Luego se impone ir a la Calle 8, con sus
pequeños teatros, galerías de arte donde no sorprende encontrar obras de
pintores de la isla, y el parque Máximo Gómez, donde desde hace más de 55 años
juegan al dominó ancianos de ayer y de hoy que despotrican sobre todo lo que
huela a la realidad de la añorada patria.
Seguramente,
siendo cubano, le llevarán al restaurante
Versalles, tal vez sólo a la cafetería, y entonces sufrirá el primer gran
impacto pues unos carteles en la pared junto a cada mesa dicen casi
textualmente: “Cubanos, si no van a consumir no ocupen las mesas”. No es
actitud grosera del propietario, es una forma de defenderse de incómodos
asistentes empecinados en convertir el lugar en plaza pública donde exponer sus
opiniones, eso sí, sin consumir por no tener dinero o porque lo importante para
ellos es lograr encontrar alguien que escuche sus “descargas”.
Pero
si usted es cubano (en plan de visita) se sentirá incómodo, al menos hasta que
algún coterráneo de vieja data en aquellos lares le explique la estratificación
social vigente en la moderna ciudad que quiso ser la capital de Latinoamérica.
Así sabrá que mexicanos indocumentados friegan autos, que haitianos llegados a
La Florida de una forma u otra cortan la hierba, que los jóvenes
centroamericanos tratan de establecer sus maras, que los cubanos menos
afortunados hacen trabajos como la plomería, la construcción, y otros, mientras
mantienen a aquellos viejos empeñados en seguir haciendo tertulias en parques y
cafeterías.
La famosa Calle 8 de Miami. |
A
los cubanos de éxito seguramente no podrá verlos, están ocupados haciendo
política o haciendo dinero, o ambas cosas a la vez.

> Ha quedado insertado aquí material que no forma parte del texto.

lemma finite_card_le_covering_balls:
  fixes M :: "'b \<Rightarrow> 'c::metric_space"
  assumes C: "finite C" "M ` X \<subseteq> (\<Union>c\<in>C. ball c r)"
    and sep: "\<And>x y. x \<in> X \<Longrightarrow> y \<in> X \<Longrightarrow> dist (M x) (M y) < 2 * r \<Longrightarrow> x = y"
  shows "finite X \<and> card X \<le> card C"
proof -
  have "\<forall>x\<in>X. \<exists>c. c \<in> C \<and> dist c (M x) < r" using C(2) by fastforce
  from bchoice[OF this] obtain g where g: "\<forall>x\<in>X. g x \<in> C \<and> dist (g x) (M x) < r" by blast
  have inj: "inj_on g X"
  proof
    fix x y assume xy: "x \<in> X" "y \<in> X" "g x = g y"
    then have "dist (g x) (M x) < r" "dist (g x) (M y) < r" using g by auto
    then show "x = y" using sep[OF xy(1,2)] dist_triangle3[of "M x" "M y" "g x"] by linarith
  qed
  have gX: "g ` X \<subseteq> C" using g by auto
  show ?thesis
    using finite_imageD[OF finite_subset[OF gX C(1)] inj] card_inj_on_le[OF inj gX C(1)] by blast
qed

lemma finite_near_cball_in_separated:
  fixes R :: real
  assumes R: "0 < R"
  obtains N :: nat where
    "\<And>S :: 'a::euclidean_space set set. S \<subseteq> centred_ellipsoids \<Longrightarrow> pairwise (\<lambda>E F. \<not> near 2 E F) S \<Longrightarrow>
       finite {E\<in>S. near R (cball 0 1) E} \<and> card {E\<in>S. near R (cball 0 1) E} \<le> N"
proof -
  obtain C :: "('a \<Rightarrow>\<^sub>L 'a) set" where C: "finite C" "cball 0 R \<subseteq> (\<Union>c\<in>C. ball c (1 / (2 * R)))"
  proof (rule compactE_image[OF compact_cball, of "cball 0 R" "\<lambda>c. ball c (1 / (2 * R))"])
    show "cball 0 R \<subseteq> (\<Union>c\<in>cball 0 R. ball c (1 / (2 * R)))" using R by force
  qed auto
  have "finite {E\<in>S. near R (cball 0 1) E} \<and> card {E\<in>S. near R (cball 0 1) E} \<le> card C"
    if S: "S \<subseteq> centred_ellipsoids" "pairwise (\<lambda>E F. \<not> near 2 E F) S" for S :: "'a set set"
  proof -
    define X where "X = {E\<in>S. near R (cball 0 1) E}"
    have "\<forall>E\<in>X. \<exists>M :: 'a \<Rightarrow>\<^sub>L 'a. blinfun_apply M ` cball 0 1 = E \<and> norm M \<le> R"
    proof
      fix E assume "E \<in> X"
      then have "E \<in> centred_ellipsoids" "near R (cball 0 1) E" using S(1) unfolding X_def by auto
      from blinfun_of_centred_ellipsoid_near_cball[OF this(1) less_imp_le[OF R] this(2)]
      show "\<exists>M :: 'a \<Rightarrow>\<^sub>L 'a. blinfun_apply M ` cball 0 1 = E \<and> norm M \<le> R" by blast
    qed
    from bchoice[OF this] obtain M :: "'a set \<Rightarrow> 'a \<Rightarrow>\<^sub>L 'a"
      where M: "\<forall>E\<in>X. blinfun_apply (M E) ` cball 0 1 = E \<and> norm (M E) \<le> R" by blast
    have img: "blinfun_apply (M E) ` cball 0 1 = E" and cover: "cball 0 1 \<subseteq> scaled R E"
      if "E \<in> X" for E
      using M that unfolding X_def near_def by auto
    have sep: "E1 = E2" if E: "E1 \<in> X" "E2 \<in> X" and d: "dist (M E1) (M E2) < 2 * (1 / (2 * R))" for E1 E2
    proof -
      have "near 2 (M E1 ` cball 0 1) (M E2 ` cball 0 1)"
        by (rule near_of_dist_blinfun[OF R]) (use d R in \<open>simp_all add: img cover E\<close>)
      then have "near 2 E1 E2" by (simp add: img E)
      then show "E1 = E2" using S(2) E unfolding X_def pairwise_def by blast
    qed
    have "M ` X \<subseteq> cball 0 R" using M by auto
    then have "M ` X \<subseteq> (\<Union>c\<in>C. ball c (1 / (2 * R)))" using C(2) by (rule order_trans)
    from finite_card_le_covering_balls[OF C(1) this sep] show ?thesis unfolding X_def .
  qed
  then show ?thesis by (rule that)
qed

lemma finite_near_in_separated:
  fixes R :: real
  assumes R: "0 < R"
  obtains N :: nat where
    "\<And>(S :: 'a::euclidean_space set set) F. S \<subseteq> centred_ellipsoids \<Longrightarrow> pairwise (\<lambda>E F. \<not> near 2 E F) S \<Longrightarrow>
       F \<in> centred_ellipsoids \<Longrightarrow> finite {E\<in>S. near R F E} \<and> card {E\<in>S. near R F E} \<le> N"
proof -
  obtain N where N: "\<And>S :: 'a set set. S \<subseteq> centred_ellipsoids \<Longrightarrow> pairwise (\<lambda>E F. \<not> near 2 E F) S \<Longrightarrow>
       finite {E\<in>S. near R (cball 0 1) E} \<and> card {E\<in>S. near R (cball 0 1) E} \<le> N"
    using finite_near_cball_in_separated[OF R, where 'a='a] by blast
  have "finite {E\<in>S. near R F E} \<and> card {E\<in>S. near R F E} \<le> N"
    if S: "S \<subseteq> centred_ellipsoids" "pairwise (\<lambda>E F. \<not> near 2 E F) S" and F: "F \<in> centred_ellipsoids"
    for S and F :: "'a set"
  proof -
    obtain A :: "'a \<Rightarrow> 'a" where A: "linear A" "bij A" "F = A ` cball 0 1"
      using F unfolding centred_ellipsoids_def by blast
    define T where "T = inv A"
    have T: "linear T" "bij T" "inj T"
      using A by (simp_all add: T_def bij_imp_bij_inv bij_is_inj inj_linear_imp_inv_linear)
    have TF: "T ` F = cball 0 1" using A by (simp add: T_def image_inv_f_f bij_is_inj)
    have ell: "(`) T ` S \<subseteq> centred_ellipsoids"
      using S(1) centred_ellipsoid_linear_image[OF T(1,2)] by auto
    have sep: "pairwise (\<lambda>E F. \<not> near 2 E F) ((`) T ` S)"
      using S(2) unfolding pairwise_image by (simp add: pairwise_def near_linear_image[OF T(1,3)])
    have "near R (cball 0 1) (T ` E) \<longleftrightarrow> near R F E" for E
      using near_linear_image[OF T(1,3), of R F E] TF by simp
    then have image_eq: "(`) T ` {E\<in>S. near R F E} = {E\<in>(`) T ` S. near R (cball 0 1) E}"
      by auto
    have inj: "inj_on ((`) T) {E\<in>S. near R F E}"
      using T(3) by (simp add: inj_on_def inj_image_eq_iff)
    show ?thesis
      using N[OF ell sep] finite_image_iff[OF inj] card_image[OF inj] unfolding image_eq by simp
  qed
  then show ?thesis by (rule that)
qed

text \<open>Partial colourings of U with colours 0..N are encoded by their graphs M.\<close>

definition coloured_packing ::
    "('b \<Rightarrow> 'b \<Rightarrow> bool) \<Rightarrow> ('b \<Rightarrow> 'b \<Rightarrow> bool) \<Rightarrow> 'b set \<Rightarrow> nat \<Rightarrow> ('b \<times> nat) set \<Rightarrow> bool" where
  "coloured_packing close conflict U N M \<longleftrightarrow> M \<subseteq> U \<times> {..N} \<and>
     pairwise (\<lambda>p q. \<not> close (fst p) (fst q) \<and> (snd p = snd q \<longrightarrow> \<not> conflict (fst p) (fst q))) M"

Se conformará con ver
muchos artistas conocidos trabajando en modestos canales de habla hispana, en
variados programas que alternan con novelas a granel motivadoras de numerosas
crisis existenciales.
Alguno
que otro ha logrado situarse en una cadena importante y a golpe de talento
llegar incluso a papeles estelares, como un excelente conductor y entrevistador
que llevó a su programa a un grupo de teatro cubano-colombiano recién premiado
en Europa y Suramérica, pero quienes para poder presentar la misma en una
Universidad de Miami lo habían hecho sólo cubriendo los gastos de viaje y
hospedaje; al preguntarle al actor principal cómo se sentía allí le dijo estar
contento por visitar la ciudad de mármol, sorprendido le preguntó por esa
definición a lo cual respondió “pues aquí sólo puedes mirar el mar o ir al mol
(en referencia a los centros comerciales)”
Un
famoso editor cubano, buen conocedor de los Estados Unidos y en particular de
Miami y otras zonas de concentración de cubanos, la había definido como la
capital de la incultura, pero más grave aún es la definición aportada por
muchos jóvenes quienes la consideran una sociedad de penes inactivos, puestos
en uso sábados y domingos, ayudados por la famosa pastilla “de fin de semana”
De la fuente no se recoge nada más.